On evaluating the above equation and using the formulas 3) $\cos 2x = 1 - 2{\cos ^2}x$ and 4) $\cos 2x = 2{\sin ^2}x - 1$ , it can be written as:
${\cos ^{ - 1}}\left[ {\dfrac{{\left( {1 + \sin 2\alpha } \right)\left( {\dfrac{{1 + \cos \beta }}{2}} \right) - \left( {1 - \sin 2\alpha } \right)\left( {\dfrac{{1 - \cos \beta }}{2}} \right)}}{{\left( {1 + \sin \alpha } \right)\left( {\dfrac{{1 + \cos \beta }}{2}} \right) + \left( {1 - \sin \alpha } \right)\left( {\dfrac{{1 - \cos \beta }}{2}} \right)}}} \right]$
Now multiply the brackets.
${\cos ^{ - 1}}\left[ {\dfrac{{\dfrac{1}{2}\left\\{ {\left( {1 + \sin 2\alpha + \cos \beta + \sin 2\alpha \cos \beta } \right) - \left( {1 - \sin 2\alpha - \cos \beta + \sin 2\alpha \cos \beta } \right)} \right\\}}}{{\dfrac{1}{2}\left\\{ {\left( {1 + \sin 2\alpha + \cos \beta + \sin 2\alpha \sin \beta } \right) + \left( {1 - \sin 2\alpha - \cos \beta + \sin 2\alpha \cos \beta } \right)} \right\\}}}} \right]$
On opening all the brackets, we get,
${\cos ^{ - 1}}\left[ {\dfrac{{1 - \sin 2\alpha + \cos \beta + \sin 2\alpha \cos \beta - 1 + \sin 2\alpha + \cos \beta - \sin 2\alpha \cos \beta }}{{1 + \sin 2\alpha + \cos \beta + \sin 2\alpha \cos \beta + 1 - \sin 2\alpha - \cos \beta + \sin 2\alpha \cos \beta }}} \right]$
$\Rightarrow {\cos ^{ - 1}}\left[ {\dfrac{{2\left( {\sin 2\alpha + \cos \beta } \right)}}{{2 + 2\sin 2\alpha \cos \beta }}} \right]$
We can divide 2 from both numerator and denominator, we get,
${\cos ^{ - 1}}\left[ {\dfrac{{\sin 2\alpha + \cos \beta }}{{1 + \sin 2\alpha \cos \beta }}} \right]$ which is equal to the right-hand side.
Hence, $L.H.S = R.H.S$ .
So, we have proved that $2{\tan ^{ - 1}}\left[ {\left( {\tan 45^\circ - \alpha } \right)\left( {\tan \dfrac{\beta }{2}} \right)} \right] = {\cos ^{ - 1}}\left( {\dfrac{{\sin 2\alpha + \cos \beta }}{{1 + \sin 2\alpha \cos \beta }}} \right)$ .

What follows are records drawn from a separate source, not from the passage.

(* Let $X$ be a collectionwise normal space with $\operatorname{ind} X=0$, and let $A$ be a discrete subset of $X$. Then there exists a pairwise disjoint family $\{V_a : a\in A\}$ of clopen subsets of $X$ such that $a\in V_a$ for each $a\in A$ and the set $X\setminus\bigcup_{a\in A}V_a$ is clopen.
   Context: A space $X$ is collectionwise normal if it is $T_1$ and for every discrete family $\{F_s\}_{s\in S}$ of closed subsets of $X$ there is a discrete family $\{V_s\}_{s\in S}$ of open sets with $F_s\subseteq V_s$ for all $s$. A family of subsets is discrete if each point has a neighbourhood meeting at most one member; a subset $D$ is discrete if the family of its singletons is discrete. $\operatorname{ind}$ denotes the small inductive dimension. *)

theory Defs
  imports "HOL-Analysis.Analysis"
begin

definition discrete_family :: "'a topology \<Rightarrow> 'i set \<Rightarrow> ('i \<Rightarrow> 'a set) \<Rightarrow> bool" where
  "discrete_family X S F \<longleftrightarrow>
     (\<forall>x\<in>topspace X. \<exists>U. openin X U \<and> x \<in> U \<and>
        (\<forall>s\<in>S. \<forall>t\<in>S. F s \<inter> U \<noteq> {} \<and> F t \<inter> U \<noteq> {} \<longrightarrow> s = t))"

definition discrete_subset :: "'a topology \<Rightarrow> 'a set \<Rightarrow> bool" where
  "discrete_subset X D \<longleftrightarrow> D \<subseteq> topspace X \<and> discrete_family X D (\<lambda>d. {d})"

definition collectionwise_normal :: "'a topology \<Rightarrow> bool" where
  "collectionwise_normal X \<longleftrightarrow> t1_space X \<and>
     (\<forall>\<F>. (\<forall>F\<in>\<F>. closedin X F) \<and> discrete_family X \<F> id \<longrightarrow>
        (\<exists>V. (\<forall>F\<in>\<F>. openin X (V F) \<and> F \<subseteq> V F) \<and> discrete_family X \<F> V))"

text \<open>Small inductive dimension zero: X is nonempty (ind of the empty space is -1) and
every point has arbitrarily small open neighbourhoods with empty boundary, i.e. clopen ones.\<close>
definition ind_zero :: "'a topology \<Rightarrow> bool" where
  "ind_zero X \<longleftrightarrow> topspace X \<noteq> {} \<and>
     (\<forall>x\<in>topspace X. \<forall>U. openin X U \<and> x \<in> U \<longrightarrow>
        (\<exists>V. openin X V \<and> X frontier_of V = {} \<and> x \<in> V \<and> V \<subseteq> U))"

end

theory Submission
  imports Defs
begin

text \<open>Collectionwise normality expands the discrete family of closed singletons \<open>{a}\<close>
to a discrete family of open neighbourhoods \<open>U a\<close>, and dimension zero shrinks each \<open>U a\<close>
to a clopen \<open>V a \<ni> a\<close>. A shrinking of a discrete family is still discrete, so the \<open>V a\<close>
are pairwise disjoint and form a locally finite family of closed sets. Their union is thus
closed as well as open, and so is its complement.\<close>

lemma discrete_familyD:
  assumes "discrete_family X S F" and "x \<in> topspace X"
  obtains U where "openin X U" "x \<in> U"
    "\<And>s t. \<lbrakk>s \<in> S; t \<in> S; F s \<inter> U \<noteq> {}; F t \<inter> U \<noteq> {}\<rbrakk> \<Longrightarrow> s = t"
  using assms unfolding discrete_family_def by metis

lemma discrete_family_mono:
  assumes "discrete_family X S F" and "\<And>s. s \<in> S \<Longrightarrow> G s \<subseteq> F s"
  shows "discrete_family X S G"
  using assms unfolding discrete_family_def by (meson disjoint_eq_subset_Compl subset_trans)

lemma discrete_family_image_iff:
  assumes "inj_on g S"
  shows "discrete_family X (g ` S) F \<longleftrightarrow> discrete_family X S (F \<circ> g)"
proof -
  have "(\<forall>s\<in>g ` S. \<forall>t\<in>g ` S. F s \<inter> U \<noteq> {} \<and> F t \<inter> U \<noteq> {} \<longrightarrow> s = t) \<longleftrightarrow>
        (\<forall>s\<in>S. \<forall>t\<in>S. (F \<circ> g) s \<inter> U \<noteq> {} \<and> (F \<circ> g) t \<inter> U \<noteq> {} \<longrightarrow> s = t)" for U
    using assms by (simp add: inj_on_eq_iff)
  then show ?thesis
    unfolding discrete_family_def by simp
qed

lemma discrete_family_disjoint:
  assumes "discrete_family X S F" and "F s \<subseteq> topspace X" and "s \<in> S" "t \<in> S" "s \<noteq> t"
  shows "F s \<inter> F t = {}"
proof (rule ccontr)
  assume "F s \<inter> F t \<noteq> {}"
  then obtain x where x: "x \<in> F s" "x \<in> F t" by blast
  with assms(2) have "x \<in> topspace X" by blast
  then obtain U where "openin X U" "x \<in> U"
      and "\<And>s t. \<lbrakk>s \<in> S; t \<in> S; F s \<inter> U \<noteq> {}; F t \<inter> U \<noteq> {}\<rbrakk> \<Longrightarrow> s = t"
    using discrete_familyD[OF assms(1)] by metis
  with x assms(3-5) show False by blast
qed

lemma locally_finite_in_discrete_family:
  assumes "discrete_family X S F" and "\<And>s. s \<in> S \<Longrightarrow> F s \<subseteq> topspace X"
  shows "locally_finite_in X (F ` S)"
  unfolding locally_finite_in_def
proof (intro conjI ballI)
  show "\<Union> (F ` S) \<subseteq> topspace X"
    using assms(2) by blast
next
  fix x assume "x \<in> topspace X"
  then obtain U where U: "openin X U" "x \<in> U"
      and at_most_one: "\<And>s t. \<lbrakk>s \<in> S; t \<in> S; F s \<inter> U \<noteq> {}; F t \<inter> U \<noteq> {}\<rbrakk> \<Longrightarrow> s = t"
    using discrete_familyD[OF assms(1)] by metis
  have "finite {T \<in> F ` S. T \<inter> U \<noteq> {}}"
  proof (cases "\<exists>s\<in>S. F s \<inter> U \<noteq> {}")
    case True
    then obtain s where "s \<in> S" "F s \<inter> U \<noteq> {}" by blast
    with at_most_one have "{T \<in> F ` S. T \<inter> U \<noteq> {}} \<subseteq> {F s}"
      by auto
    then show ?thesis
      by (rule finite_subset) simp
  next
    case False
    then have "{T \<in> F ` S. T \<inter> U \<noteq> {}} = {}"
      by blast
    then show ?thesis
      by (metis finite.emptyI)
  qed
  with U show "\<exists>U. openin X U \<and> x \<in> U \<and> finite {T \<in> F ` S. T \<inter> U \<noteq> {}}"
    by blast
qed

lemma collectionwise_normal_discrete_subset_nbhds:
  assumes "collectionwise_normal X" and "discrete_subset X A"
  obtains U where "\<And>a. a \<in> A \<Longrightarrow> openin X (U a) \<and> a \<in> U a" and "discrete_family X A U"
proof -
  let ?\<F> = "(\<lambda>a. {a}) ` A"
  have t1: "t1_space X"
    and expand: "\<And>\<F>. (\<forall>F\<in>\<F>. closedin X F) \<and> discrete_family X \<F> id \<Longrightarrow>
        \<exists>V. (\<forall>F\<in>\<F>. openin X (V F) \<and> F \<subseteq> V F) \<and> discrete_family X \<F> V"
    using assms(1) unfolding collectionwise_normal_def by blast+
  have inj: "inj_on (\<lambda>a. {a}) A"
    by (simp add: inj_on_def)
  have A: "A \<subseteq> topspace X" and "discrete_family X A (\<lambda>a. {a})"
    using assms(2) unfolding discrete_subset_def by auto
  then have "discrete_family X ?\<F> id"
    using discrete_family_image_iff[OF inj, of X id] by simp
  moreover have "\<forall>F \<in> ?\<F>. closedin X F"
    using A closedin_t1_singleton[OF t1] by blast
  ultimately have "\<exists>W. (\<forall>F \<in> ?\<F>. openin X (W F) \<and> F \<subseteq> W F) \<and> discrete_family X ?\<F> W"
    by (intro expand conjI)
  then obtain W where W: "\<forall>F \<in> ?\<F>. openin X (W F) \<and> F \<subseteq> W F"
      and "discrete_family X ?\<F> W"
    by blast
  then have "discrete_family X A (W \<circ> (\<lambda>a. {a}))"
    using discrete_family_image_iff[OF inj, of X W] by simp
  with W show thesis
    by (intro that[of "W \<circ> (\<lambda>a. {a})"]) auto
qed

lemma ind_zero_clopen_nbhd:
  assumes "ind_zero X" and "openin X U" and "x \<in> U"
  shows "\<exists>V. openin X V \<and> closedin X V \<and> x \<in> V \<and> V \<subseteq> U"
proof -
  have "x \<in> topspace X"
    using assms(2,3) openin_subset by blast
  then obtain V where V: "openin X V" "X frontier_of V = {}" "x \<in> V" "V \<subseteq> U"
    using assms unfolding ind_zero_def by blast
  then have "closedin X V"
    using frontier_of_eq_empty[OF openin_subset] by blast
  with V show ?thesis
    by blast
qed

theorem mainTheorem4:
  fixes X :: "'a topology" and A :: "'a set"
  assumes "collectionwise_normal X" and "ind_zero X" and "discrete_subset X A"
  shows "\<exists>V :: 'a \<Rightarrow> 'a set.
           (\<forall>a\<in>A. openin X (V a) \<and> closedin X (V a) \<and> a \<in> V a) \<and>
           (\<forall>a\<in>A. \<forall>b\<in>A. a \<noteq> b \<longrightarrow> V a \<inter> V b = {}) \<and>
           openin X (topspace X - (\<Union>a\<in>A. V a)) \<and>
           closedin X (topspace X - (\<Union>a\<in>A. V a))"
proof -
  obtain U where U: "\<And>a. a \<in> A \<Longrightarrow> openin X (U a) \<and> a \<in> U a"
      and "discrete_family X A U"
    using collectionwise_normal_discrete_subset_nbhds assms(1,3) by blast
  have "\<forall>a\<in>A. \<exists>W. openin X W \<and> closedin X W \<and> a \<in> W \<and> W \<subseteq> U a"
    using ind_zero_clopen_nbhd[OF assms(2)] U by blast
  then obtain V where V: "\<And>a. a \<in> A \<Longrightarrow> openin X (V a) \<and> closedin X (V a) \<and> a \<in> V a \<and> V a \<subseteq> U a"
    by metis
  have V_discrete: "discrete_family X A V"
    using \<open>discrete_family X A U\<close> by (rule discrete_family_mono) (use V in blast)
  have V_top: "\<And>a. a \<in> A \<Longrightarrow> V a \<subseteq> topspace X"
    using V openin_subset by blast
  have clopen: "\<forall>a\<in>A. openin X (V a) \<and> closedin X (V a) \<and> a \<in> V a"
    using V by blast
  have disjoint: "\<forall>a\<in>A. \<forall>b\<in>A. a \<noteq> b \<longrightarrow> V a \<inter> V b = {}"
    using discrete_family_disjoint[OF V_discrete V_top] by blast
  have "openin X (\<Union>a\<in>A. V a)"
    by (rule openin_Union) (use clopen in blast)
  then have "closedin X (topspace X - (\<Union>a\<in>A. V a))"
    by (rule closedin_diff[OF closedin_topspace])
  have "closedin X (\<Union>a\<in>A. V a)"
  proof (rule closedin_locally_finite_Union)
    show "locally_finite_in X (V ` A)"
      using V_discrete V_top by (rule locally_finite_in_discrete_family)
  qed (use clopen in blast)
  then have "openin X (topspace X - (\<Union>a\<in>A. V a))"
    by (rule openin_diff[OF openin_topspace])
  with clopen disjoint \<open>closedin X (topspace X - (\<Union>a\<in>A. V a))\<close> show ?thesis
    by (intro exI[of _ V] conjI)
qed

end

Note: Always remember the trigonometric formulas while solving questions similar to the above mentioned. These formulas will help you in solving the questions easily in very less amount of time. In the above question we have used four such trigonometric formulas. To prevent any errors, solve the question step by step.